A practical application for this method would be to compare a pre-existing training set, created in previous years, with a composite of several leaves for classification purposes. Creating 100 or more composites, however, seems unrealistic. To work with fewer composites, different classification methods than discriminant analysis would be needed.
The Neural Network Bayesian Classifier from Statgraphics does not separate the original data (the 360 leaves) as well as discriminant analysis. Only 77.44% are correctly assigned (expected under the assumption of random assignment: 33.33%). Interestingly, the Grüner Veltliner variety is almost equally often confused with the other two varieties (11 as St. Georgener-Rebe and 12 as Traminer), while the other two varieties are much more frequently mistaken for the Grüner Veltliner than for its other parental variety (of StG, 23 are classified as GV and only two as Tr; of Tr, 29 are mistakenly classified as GV and four as StG). This may be a consequence of the existing relationships, an assumption that should, as mentioned, be tested with more parental-offspring variety triplets.
If one forms 100 composites per variety, each consisting of ten leaves, the correct classification increases to 99.67% (one Gewürztraminer is mistakenly classified as a Grüner Veltliner). The method can now be applied to fewer objects (leaves or composites) than there are features. If ten leaves (i.e., no composites) are selected per variety, the correct classification rate is 73.33%, which is comparable to the performance of separating 120 leaves per variety. However, ten composites consisting of five leaves each already achieve 100% variety recognition, and this of course does not change even if more, up to 25 leaves per composite, are used (the number of leaves per composite is increased in steps of five). If one ensures that each leaf is only present in one composite (without replacement, resulting in ten composites per variety, each consisting of twelve leaves), the classification quality is 96.67% (one St. Georgener-Rebe composite is classified as Grüner Veltliner), which is also very good and, of course, much better than the individual leaf classification.

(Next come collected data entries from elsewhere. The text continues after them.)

(* Let $\tau>0$, $\varepsilon\ne0$, $\kappa_{12}\in\mathbb R$. The system on $T^*S^2=\{(\gamma,p)\in\mathbb R^6:\langle\gamma,\gamma\rangle=1,\langle\gamma,p\rangle=0\}$ $$\dot\gamma_1=\tfrac{\varepsilon^2}\tau p_1,\ \dot\gamma_2=\tfrac{\varepsilon^2}\tau p_2,\ \dot\gamma_3=\tfrac{\varepsilon^2}\tau p_3,\quad \dot p_1=\tfrac1\tau\kappa_{12}p_2+\mu\gamma_1,\ \dot p_2=-\tfrac1\tau\kappa_{12}p_1+\mu\gamma_2,\ \dot p_3=\mu\gamma_3,$$ $$\mu=\frac{\kappa_{12}}\tau(p_1\gamma_2-p_2\gamma_1)-\frac{\varepsilon^2}\tau(p_1^2+p_2^2+p_3^2),$$ which is Hamiltonian with Hamiltonian $h=\frac{\varepsilon^2}{2\tau}(p_1^2+p_2^2+p_3^2)$ with respect to the symplectic form $\big(\sum_{i=1}^3dp_i\wedge d\gamma_i+\frac{\kappa_{12}}{\varepsilon^2}d\gamma_1\wedge d\gamma_2\big)|_{T^*S^2}$, is Liouville integrable on $T^*S^2$ with the first integrals $h$ and $$\Phi(\gamma,p)=\gamma_1p_2-\gamma_2p_1+\frac{\kappa_{12}}{2\varepsilon^2}(\gamma_1^2+\gamma_2^2).$$
   Context: This is the reduced system of the three-dimensional Demchenko case without twisting: a balanced ball with gyroscope, whose inertia operator is proportional to the identity, rolling without slipping and twisting over a fixed sphere, with gyroscopic matrix $\kappa=\kappa_{12}\mathbf e_1\wedge\mathbf e_2$ and $\varepsilon=b/(b\pm a)$. *)

theory Defs
  imports "HOL-Analysis.Analysis"
begin

type_synonym pt = "(real^3) \<times> (real^3)"   (* (gamma, p) in R^6 *)

definition TS2 :: "pt set" where
  "TS2 = {(g, p). g \<bullet> g = 1 \<and> g \<bullet> p = 0}"

text \<open>Tangent space of T*S^2 at x (kernel of the differentials of the constraints).\<close>
definition tangent_TS2 :: "pt \<Rightarrow> pt set" where
  "tangent_TS2 x = {(a, b). fst x \<bullet> a = 0 \<and> a \<bullet> snd x + fst x \<bullet> b = 0}"

text \<open>The constant 2-form  sum_i dp_i /\ dgamma_i + c dgamma_1 /\ dgamma_2 on R^6
  (with (alpha /\ beta)(u,v) = alpha(u) beta(v) - alpha(v) beta(u)).\<close>
definition omega2 :: "real \<Rightarrow> pt \<Rightarrow> pt \<Rightarrow> real" where
  "omega2 c u v =
     (\<Sum>i\<in>UNIV. snd u $ i * fst v $ i - snd v $ i * fst u $ i)
     + c * (fst u $ 1 * fst v $ 2 - fst v $ 1 * fst u $ 2)"

definition is_ham_vf :: "(pt \<Rightarrow> pt set) \<Rightarrow> (pt \<Rightarrow> pt \<Rightarrow> real) \<Rightarrow> (pt \<Rightarrow> real) \<Rightarrow> pt \<Rightarrow> pt \<Rightarrow> bool" where
  "is_ham_vf T w f x X \<longleftrightarrow>
     X \<in> T x \<and> (\<forall>v\<in>T x. w X v = - frechet_derivative f (at x) v)"

definition liouville_integrable2 ::
  "pt set \<Rightarrow> (pt \<Rightarrow> pt set) \<Rightarrow> (pt \<Rightarrow> pt \<Rightarrow> real) \<Rightarrow> (pt \<Rightarrow> pt)
     \<Rightarrow> (pt \<Rightarrow> real) \<Rightarrow> (pt \<Rightarrow> real) \<Rightarrow> bool" where
  "liouville_integrable2 M T w V f1 f2 \<longleftrightarrow>
     (\<forall>x\<in>M. \<forall>u\<in>T x. (\<forall>v\<in>T x. w u v = 0) \<longrightarrow> u = 0)
   \<and> (\<forall>x\<in>M. is_ham_vf T w f1 x (V x))
   \<and> (\<forall>x\<in>M. frechet_derivative f1 (at x) (V x) = 0
              \<and> frechet_derivative f2 (at x) (V x) = 0)
   \<and> (\<forall>x\<in>M. \<forall>X1 X2. is_ham_vf T w f1 x X1 \<longrightarrow> is_ham_vf T w f2 x X2 \<longrightarrow> w X1 X2 = 0)
   \<and> (let S = {x\<in>M. \<forall>a b::real. (\<forall>v\<in>T x. a * frechet_derivative f1 (at x) v
                                          + b * frechet_derivative f2 (at x) v = 0)
                                 \<longrightarrow> a = 0 \<and> b = 0}
      in openin (top_of_set M) S \<and> M \<subseteq> closure S)"

definition demchenko_field :: "real \<Rightarrow> real \<Rightarrow> real \<Rightarrow> pt \<Rightarrow> pt" where
  "demchenko_field \<tau> \<epsilon> k x =
     (let g = fst x; p = snd x;
          \<mu> = k / \<tau> * (p$1 * g$2 - p$2 * g$1) - \<epsilon>^2 / \<tau> * (p$1^2 + p$2^2 + p$3^2)
      in (vector [\<epsilon>^2/\<tau> * p$1, \<epsilon>^2/\<tau> * p$2, \<epsilon>^2/\<tau> * p$3],
          vector [1/\<tau> * k * p$2 + \<mu> * g$1, - 1/\<tau> * k * p$1 + \<mu> * g$2, \<mu> * g$3]))"

definition demchenko_h :: "real \<Rightarrow> real \<Rightarrow> pt \<Rightarrow> real" where
  "demchenko_h \<tau> \<epsilon> x = \<epsilon>^2 / (2*\<tau>) * ((snd x)$1^2 + (snd x)$2^2 + (snd x)$3^2)"

definition demchenko_Phi :: "real \<Rightarrow> real \<Rightarrow> pt \<Rightarrow> real" where
  "demchenko_Phi \<epsilon> k x = (fst x)$1 * (snd x)$2 - (fst x)$2 * (snd x)$1
      + k / (2 * \<epsilon>^2) * ((fst x)$1^2 + (fst x)$2^2)"

end

theory Submission
  imports Defs
begin

(* The field is the Hamiltonian vector field of the kinetic energy h for the magnetic form
   omega2 (kappa12/eps^2), so h is conserved; Phi, the angular momentum about e3 corrected by
   the magnetic potential, is conserved by direct computation. Since omega2 is nondegenerate on
   every tangent space of T*S^2, Hamiltonian vector fields are unique, hence
   {h, Phi} = dPhi(X_h) = 0. The differentials of h and Phi are dependent exactly on a closed
   subset of T*S^2 cut out by polynomial equations in (gamma, p), and through every point of
   T*S^2 passes a line inside its fibre meeting that subset in at most three points, so the
   complement is open and dense. *)

lemma inner_vec3: "(a::real^3) \<bullet> b = a$1 * b$1 + a$2 * b$2 + a$3 * b$3"
  by (simp add: inner_vec_def sum_3)

lemma has_derivative_fst_nth [derivative_intros]:
  "((\<lambda>x. fst x $ i) has_derivative (\<lambda>v. fst v $ i)) F"
  and has_derivative_snd_nth [derivative_intros]:
  "((\<lambda>x. snd x $ i) has_derivative (\<lambda>v. snd v $ i)) F"
  by (auto intro!: bounded_linear_imp_has_derivative
      bounded_linear_compose[OF bounded_linear_vec_nth] bounded_linear_fst bounded_linear_snd)

lemma vec3_eq_iff: "(a::real^3) = b \<longleftrightarrow> a$1 = b$1 \<and> a$2 = b$2 \<and> a$3 = b$3"
  by (simp add: vec_eq_iff forall_3)

lemma is_ham_vf_unique:
  assumes nondeg: "\<forall>u\<in>T x. (\<forall>v\<in>T x. w u v = 0) \<longrightarrow> u = 0"
    and diff_left: "\<And>u u' v. w (u - u') v = w u v - w u' v"
    and diff_closed: "\<And>u u'. u \<in> T x \<Longrightarrow> u' \<in> T x \<Longrightarrow> u - u' \<in> T x"
    and "is_ham_vf T w f x X" "is_ham_vf T w f x Y"
  shows "X = Y"
proof -
  have "X - Y \<in> T x" "\<forall>v\<in>T x. w (X - Y) v = 0"
    using assms(4,5) diff_closed by (auto simp: is_ham_vf_def diff_left)
  then show ?thesis using nondeg by auto
qed

lemma is_ham_vf_pairing:
  assumes "\<And>u v. w u v = - w v u" "is_ham_vf T w f x Y" "X \<in> T x"
  shows "w X Y = frechet_derivative f (at x) X"
proof -
  have "w Y X = - frechet_derivative f (at x) X"
    using assms(2,3) by (simp add: is_ham_vf_def)
  then show ?thesis using assms(1)[of X Y] by simp
qed

lemma is_ham_vf_conserved:
  assumes "\<And>u v. w u v = - w v u" "is_ham_vf T w f x X"
  shows "frechet_derivative f (at x) X = 0"
proof -
  have "w X X = frechet_derivative f (at x) X"
    using is_ham_vf_pairing[OF assms] assms(2) by (simp add: is_ham_vf_def)
  moreover have "w X X = 0"
    using assms(1)[of X X] by simp
  ultimately show ?thesis by simp
qed

lemma is_ham_vf_involution:
  assumes nondeg: "\<forall>u\<in>T x. (\<forall>v\<in>T x. w u v = 0) \<longrightarrow> u = 0"
    and diff_left: "\<And>u u' v. w (u - u') v = w u v - w u' v"
    and diff_closed: "\<And>u u'. u \<in> T x \<Longrightarrow> u' \<in> T x \<Longrightarrow> u - u' \<in> T x"
    and skew: "\<And>u v. w u v = - w v u"
    and V: "is_ham_vf T w f x V" "frechet_derivative g (at x) V = 0"
    and X: "is_ham_vf T w f x X" "is_ham_vf T w g x Y"
  shows "w X Y = 0"
proof -
  have "X = V"
    using is_ham_vf_unique[OF nondeg diff_left diff_closed X(1) V(1)] .
  then show ?thesis
    using is_ham_vf_pairing[OF skew X(2)] V X(1) by (simp add: is_ham_vf_def)
qed

lemma finite_line_preimage:
  fixes a w b :: "'a::real_vector"
  assumes "w \<noteq> 0"
  shows "finite {t::real. a + t *\<^sub>R w = b}"
proof -
  have "inj (\<lambda>t::real. a + t *\<^sub>R w)"
    using assms by (intro injI) (simp add: scaleR_cancel_right)
  then have "finite ((\<lambda>t. a + t *\<^sub>R w) -` {b})"
    by (intro finite_vimageI) auto
  then show ?thesis
    by (simp add: vimage_def)
qed

lemma in_closure_if_line_cofinite:
  fixes x w :: "'a::real_normed_vector"
  assumes "\<And>t. x + t *\<^sub>R w \<in> M" "finite {t. \<not> P (x + t *\<^sub>R w)}"
  shows "x \<in> closure {y\<in>M. P y}"
  unfolding closure_approachable
proof (intro allI impI)
  fix e :: real assume "e > 0"
  define d where "d = e / (norm w + 1)"
  have "norm w + 1 > 0"
    by (simp add: add_nonneg_pos)
  then have "d > 0" "d * norm w < e"
    using \<open>e > 0\<close> by (simp_all add: d_def field_simps)
  then have "infinite ({0<..<d} - {t. \<not> P (x + t *\<^sub>R w)})"
    using Diff_infinite_finite[OF assms(2)] infinite_Ioo by blast
  then obtain t where "t \<in> {0<..<d} - {t. \<not> P (x + t *\<^sub>R w)}"
    using infinite_imp_nonempty by blast
  then have t: "0 < t" "t < d" "P (x + t *\<^sub>R w)"
    by auto
  have "dist (x + t *\<^sub>R w) x = t * norm w"
    using t by (simp add: dist_norm)
  also have "\<dots> \<le> d * norm w"
    using t by (simp add: mult_right_mono)
  also have "\<dots> < e"
    by fact
  finally show "\<exists>y\<in>{y\<in>M. P y}. dist y x < e"
    using t assms(1) by blast
qed

lemma planar_orthogonal_eq_rotation:
  fixes g1 g2 p1 p2 c :: real
  assumes "g1*p1 + g2*p2 = 0" "p1*p1 + p2*p2 \<noteq> 0" "p1*p1 + p2*p2 = c * (p1*g2 - p2*g1)"
  shows "p1 = c * g2 \<and> p2 = - c * g1"
proof -
  define m where "m = p1*g2 - p2*g1"
  have lagrange: "(p1*p1 + p2*p2) * (g1*g1 + g2*g2) = m * m"
    using assms(1) unfolding m_def by algebra
  have "m \<noteq> 0"
    using assms(2,3) m_def by auto
  moreover have "m * (c * (g1*g1 + g2*g2)) = m * m"
    using lagrange assms(3) m_def by (simp add: ac_simps)
  ultimately have "c * (g1*g1 + g2*g2) = m"
    by simp
  then have "(p1 - c*g2) * (p1 - c*g2) + (p2 + c*g1) * (p2 + c*g1) = 0"
    using assms(3) unfolding m_def by algebra
  then show ?thesis
    by (simp add: sum_squares_eq_zero_iff)
qed

lemma TS2_iff:
  "(g, p) \<in> TS2 \<longleftrightarrow> g$1*g$1 + g$2*g$2 + g$3*g$3 = 1 \<and> g$1*p$1 + g$2*p$2 + g$3*p$3 = 0"
  by (simp add: TS2_def inner_vec3)

lemma tangent_TS2_iff:
  "(a, b) \<in> tangent_TS2 (g, p) \<longleftrightarrow> g$1*a$1 + g$2*a$2 + g$3*a$3 = 0
     \<and> a$1*p$1 + a$2*p$2 + a$3*p$3 + (g$1*b$1 + g$2*b$2 + g$3*b$3) = 0"
  by (simp add: tangent_TS2_def inner_vec3)

lemma frechet_derivative_demchenko_h:
  "frechet_derivative (demchenko_h \<tau> \<epsilon>) (at x) = (\<lambda>v. \<epsilon>^2/\<tau> * (snd x \<bullet> snd v))"
proof -
  have "demchenko_h \<tau> \<epsilon> = (\<lambda>x. \<epsilon>^2/(2*\<tau>) * (snd x \<bullet> snd x))"
    by (simp add: fun_eq_iff demchenko_h_def inner_vec3 power2_eq_square)
  moreover have "((\<lambda>x. \<epsilon>^2/(2*\<tau>) * (snd x \<bullet> snd x)) has_derivative
      (\<lambda>v. \<epsilon>^2/(2*\<tau>) * (snd x \<bullet> snd v + snd v \<bullet> snd x))) (at x)"
    by (intro has_derivative_mult_right has_derivative_inner has_derivative_snd has_derivative_ident)
  ultimately have "(demchenko_h \<tau> \<epsilon> has_derivative (\<lambda>v. \<epsilon>^2/\<tau> * (snd x \<bullet> snd v))) (at x)"
    by (auto elim: has_derivative_eq_rhs simp: inner_commute)
  then show ?thesis
    by (rule frechet_derivative_at[symmetric])
qed

lemma frechet_derivative_demchenko_Phi:
  "frechet_derivative (demchenko_Phi \<epsilon> k) (at x) =
     (\<lambda>v. fst v$1 * snd x$2 + fst x$1 * snd v$2 - fst v$2 * snd x$1 - fst x$2 * snd v$1
        + k/\<epsilon>^2 * (fst x$1 * fst v$1 + fst x$2 * fst v$2))"
proof -
  \<comment> \<open>Naming the coefficient keeps the derivative rules from asking for \<open>\<epsilon> \<noteq> 0\<close>.\<close>
  define c where "c = k / (2 * \<epsilon>^2)"
  have "demchenko_Phi \<epsilon> k =
      (\<lambda>x. fst x$1 * snd x$2 - fst x$2 * snd x$1 + c * (fst x$1 * fst x$1 + fst x$2 * fst x$2))"
    by (simp add: fun_eq_iff demchenko_Phi_def c_def power2_eq_square)
  moreover have "((\<lambda>x. fst x$1 * snd x$2 - fst x$2 * snd x$1 + c * (fst x$1 * fst x$1 + fst x$2 * fst x$2))
     has_derivative (\<lambda>v. fst v$1 * snd x$2 + fst x$1 * snd v$2 - fst v$2 * snd x$1 - fst x$2 * snd v$1
        + 2 * c * (fst x$1 * fst v$1 + fst x$2 * fst v$2))) (at x)"
    by (rule has_derivative_eq_rhs, (rule derivative_intros)+) (simp add: fun_eq_iff algebra_simps)
  moreover have "2 * c = k / \<epsilon>^2"
    by (simp add: c_def)
  ultimately have "(demchenko_Phi \<epsilon> k has_derivative
     (\<lambda>v. fst v$1 * snd x$2 + fst x$1 * snd v$2 - fst v$2 * snd x$1 - fst x$2 * snd v$1
        + k/\<epsilon>^2 * (fst x$1 * fst v$1 + fst x$2 * fst v$2))) (at x)"
    by simp
  then show ?thesis
    by (rule frechet_derivative_at[symmetric])
qed

lemma omega2_eq:
  "omega2 c u v = snd u \<bullet> fst v - snd v \<bullet> fst u + c * (fst u$1 * fst v$2 - fst v$1 * fst u$2)"
  by (simp add: omega2_def inner_vec_def sum_subtractf)

lemma omega2_skew: "omega2 c u v = - omega2 c v u"
  unfolding omega2_eq by (simp add: algebra_simps)

lemma omega2_diff_left: "omega2 c (u - u') v = omega2 c u v - omega2 c u' v"
  unfolding omega2_eq by (simp add: algebra_simps inner_diff_left inner_diff_right)

lemma tangent_TS2_diff:
  "u \<in> tangent_TS2 x \<Longrightarrow> u' \<in> tangent_TS2 x \<Longrightarrow> u - u' \<in> tangent_TS2 x"
  by (cases u; cases u') (simp add: tangent_TS2_def inner_diff_left inner_diff_right)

The "Neuronal Recognition" with the Feed-Forward Network from ViDaX, trained using backpropagation with the Jackknife method, yields a correct recognition of 84.10% of the leaves for the original data (360 leaves), which is better than the performance of the Neural Network Bayesian Classifier and worse than that of the discriminant analysis. The wrongly assigned Grüner Veltliner leaves are found about equally often in both parental varieties (for GV: StG=10; Tr=12), while St. Georgener-Rebe and Traminer are significantly more often confused with Grüner Veltliner than with the other parental variety (for StG: GV=15; Tr=3, for Tr: GV=14; StG=3).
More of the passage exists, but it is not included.